Dive into genomics & data science: Analyze real soil microbial data from diverse environments.
Uncover secrets of the soil: Learn how microbes impact our health & environment.
Gain cutting-edge skills: Master cloud computing, data analysis, and more.
Join a supportive community: Network with faculty & peers from across the country.
One critical aspect of an undergraduate STEM education is hands-on research. Undergraduate research experiences enhance what students learn in the classroom as well as increase a student’s interest in pursuing STEM careers ^1. It can also lead to improved scientific reasoning and increased academic performance overall ^2. However, many students at underresourced institutions like community colleges, Historically Black Colleges and Universities (HBCUs), tribal colleges and universities, and Hispanic-serving institutions have limited access to research opportunities compared to their cohorts at larger four-year colleges and R1 institutions. These students are also more likely to belong to groups that are already under-represented in STEM disciplines, particularly genomics and data science ^3 ^4.
The BioDIGS (BioDiversity and Informatics for Genomics Scholars) Project aims to be at the intersection of genomics, data science, cloud computing, and education.
Genomics broadly refers to the study of genomes, which are an organism’s complete set of DNA. This includes both genes and non-coding regions of DNA. Traditional genomics involves sequencing and analyzing the genome of individual species.

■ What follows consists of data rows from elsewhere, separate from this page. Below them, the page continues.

(* Let $H$ be a graph with at least one edge and no isolated vertices, and suppose $H$ is not isomorphic to a star $K_{1,m}$ for any $m\ge1$. Let $t\ge1$, and let $C$ be the graph obtained from $\mu_t(H)$ by adding $\ell\ge1$ new vertices, each adjacent only to the root $w$. Then $\det(C)=\det(\mu_t(H))+\ell-1$.
   Context: All graphs are finite and simple. For a graph $G$ with $V(G)=\{v_1,\dots,v_n\}$ and an integer $t\ge1$, the generalized Mycielskian $\mu_t(G)$ has vertex set $\{u_i^s: 1\le i\le n,\ 0\le s\le t\}\cup\{w\}$, where $u_i^0$ is identified with $v_i$. Its edges are: $u_i^0u_j^0$ for each edge $v_iv_j$ of $G$; $u_i^su_j^{s+1}$ and $u_j^su_i^{s+1}$ for each edge $v_iv_j$ of $G$ and each $0\le s<t$; and $u_i^tw$ for all $1\le i\le n$; $w$ is the root. A set $S\subseteq V(G)$ is a determining set for $G$ if the only automorphism of $G$ fixing every vertex of $S$ is the identity; $\det(G)$ is the minimum size of a determining set. *)

theory Defs
  imports Main
begin

definition graph :: "'a set \<Rightarrow> ('a \<Rightarrow> 'a \<Rightarrow> bool) \<Rightarrow> bool" where
  "graph V E \<longleftrightarrow> finite V \<and> (\<forall>x y. E x y \<longrightarrow> x \<in> V \<and> y \<in> V)
     \<and> (\<forall>x y. E x y \<longrightarrow> E y x) \<and> (\<forall>x. \<not> E x x)"

definition automorphism :: "'a set \<Rightarrow> ('a \<Rightarrow> 'a \<Rightarrow> bool) \<Rightarrow> ('a \<Rightarrow> 'a) \<Rightarrow> bool" where
  "automorphism V E f \<longleftrightarrow> bij_betw f V V \<and> (\<forall>x\<in>V. \<forall>y\<in>V. E (f x) (f y) \<longleftrightarrow> E x y)"

definition determining_set :: "'a set \<Rightarrow> ('a \<Rightarrow> 'a \<Rightarrow> bool) \<Rightarrow> 'a set \<Rightarrow> bool" where
  "determining_set V E S \<longleftrightarrow> S \<subseteq> V \<and>
     (\<forall>f. automorphism V E f \<and> (\<forall>x\<in>S. f x = x) \<longrightarrow> (\<forall>x\<in>V. f x = x))"

definition determining_number :: "'a set \<Rightarrow> ('a \<Rightarrow> 'a \<Rightarrow> bool) \<Rightarrow> nat" where
  "determining_number V E = Min (card ` {S. determining_set V E S})"

definition has_edge :: "'a set \<Rightarrow> ('a \<Rightarrow> 'a \<Rightarrow> bool) \<Rightarrow> bool" where
  "has_edge V E \<longleftrightarrow> (\<exists>x\<in>V. \<exists>y\<in>V. E x y)"

definition no_isolated :: "'a set \<Rightarrow> ('a \<Rightarrow> 'a \<Rightarrow> bool) \<Rightarrow> bool" where
  "no_isolated V E \<longleftrightarrow> (\<forall>x\<in>V. \<exists>y\<in>V. E x y)"

definition is_star :: "'a set \<Rightarrow> ('a \<Rightarrow> 'a \<Rightarrow> bool) \<Rightarrow> bool" where
  "is_star V E \<longleftrightarrow> card V \<ge> 2 \<and>
     (\<exists>c\<in>V. \<forall>x\<in>V. \<forall>y\<in>V. E x y \<longleftrightarrow> (x \<noteq> y \<and> (x = c \<or> y = c)))"

text \<open>Vertices of the generalized Mycielskian: U v s stands for u_v^s (U v 0 = v), Root = w.\<close>
datatype 'a myc_vertex = U 'a nat | Root

definition myc_V :: "'a set \<Rightarrow> nat \<Rightarrow> 'a myc_vertex set" where
  "myc_V V t = {U v s | v s. v \<in> V \<and> s \<le> t} \<union> {Root}"

fun myc_E :: "('a \<Rightarrow> 'a \<Rightarrow> bool) \<Rightarrow> nat \<Rightarrow> 'a myc_vertex \<Rightarrow> 'a myc_vertex \<Rightarrow> bool" where
  "myc_E E t (U x s) (U y r) \<longleftrightarrow>
     E x y \<and> ((s = 0 \<and> r = 0) \<or> (s < t \<and> r = s + 1) \<or> (r < t \<and> s = r + 1))"
| "myc_E E t (U x s) Root \<longleftrightarrow> s = t"
| "myc_E E t Root (U y r) \<longleftrightarrow> r = t"
| "myc_E E t Root Root \<longleftrightarrow> False"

Metagenomics expands genomics to look at the collective genomes of entire communities of organisms in an environmental sample, like soil. It allows researchers to study not just the genes of culturable or isolated organisms, but the entirety of genetic material present in a given environment. By using genomic techniques to survey the soil microbes, we can identify everything in the soil, including microbes that no one has identified before.

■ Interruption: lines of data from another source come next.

(* Let $A$ be a vertex of a cube $\mathcal C$ and let $S$ be the union of the three faces of $\mathcal C$ not containing $A$. If $f\colon\mathcal C\to\mathbb{R}$ is convex, then $$\operatorname{Avg}(f,\mathcal C)\le\frac14f(A)+\frac34\operatorname{Avg}(f,S),\qquad \operatorname{Avg}(f,h_A^{3/4}(S))\le\operatorname{Avg}(f,\mathcal C).$$
   Context: $\operatorname{Avg}(f,\mathcal C)$ is the average over the cube with respect to volume; averages over $S$ and $h_A^{3/4}(S)$ are with respect to surface area. $h_A^\lambda(\mathbf x)=A+\lambda(\mathbf x-A)$ is the homothety with center $A$ and ratio $\lambda$. *)

theory Defs
  imports "HOL-Analysis.Analysis"
begin

definition cube :: "real^3 \<Rightarrow> real^3 \<Rightarrow> real^3 \<Rightarrow> real^3 \<Rightarrow> (real^3) set" where
  "cube A u v w = {A + s *\<^sub>R u + t *\<^sub>R v + r *\<^sub>R w | s t r.
      s \<in> {0..1} \<and> t \<in> {0..1} \<and> r \<in> {0..1}}"

definition vol_avg :: "(real^3 \<Rightarrow> real) \<Rightarrow> (real^3) set \<Rightarrow> real" where
  "vol_avg f K = integral K f / measure lebesgue K"

text \<open>A flat parallelogram face given by a corner P and edge vectors x, y:
  the set {P + s x + t y | s,t in [0,1]}.\<close>
type_synonym face = "(real^3) \<times> (real^3) \<times> (real^3)"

We are doing both traditional genomics and metagenomics as part of BioDIGS.
Data science is an interdisciplinary field that uses scientific methods, processes, algorithms and systems to extract knowledge and insights from structured and unstructured data. It includes collecting, cleaning, and combining data from multiple databases, exploring data and developing statistical and machine learning models to identify patterns in complex datasets, and creating tools to efficiently store, process, and access large amounts of data.
Cloud computing just means using the internet to get access to powerful computer resources like storage, servers, databases, networking tools, and specialized software programs. Instead of having to buy and maintain their own powerful computers, storage servers, and other systems, users can pay to use them through an internet connection as needed. Users only pay for what they need, when they actually use it, and professionals update and maintain the systems in large data centers. It is a particularly useful tool for researchers and students at smaller institutions with limited computational services, especially when working with complex databases.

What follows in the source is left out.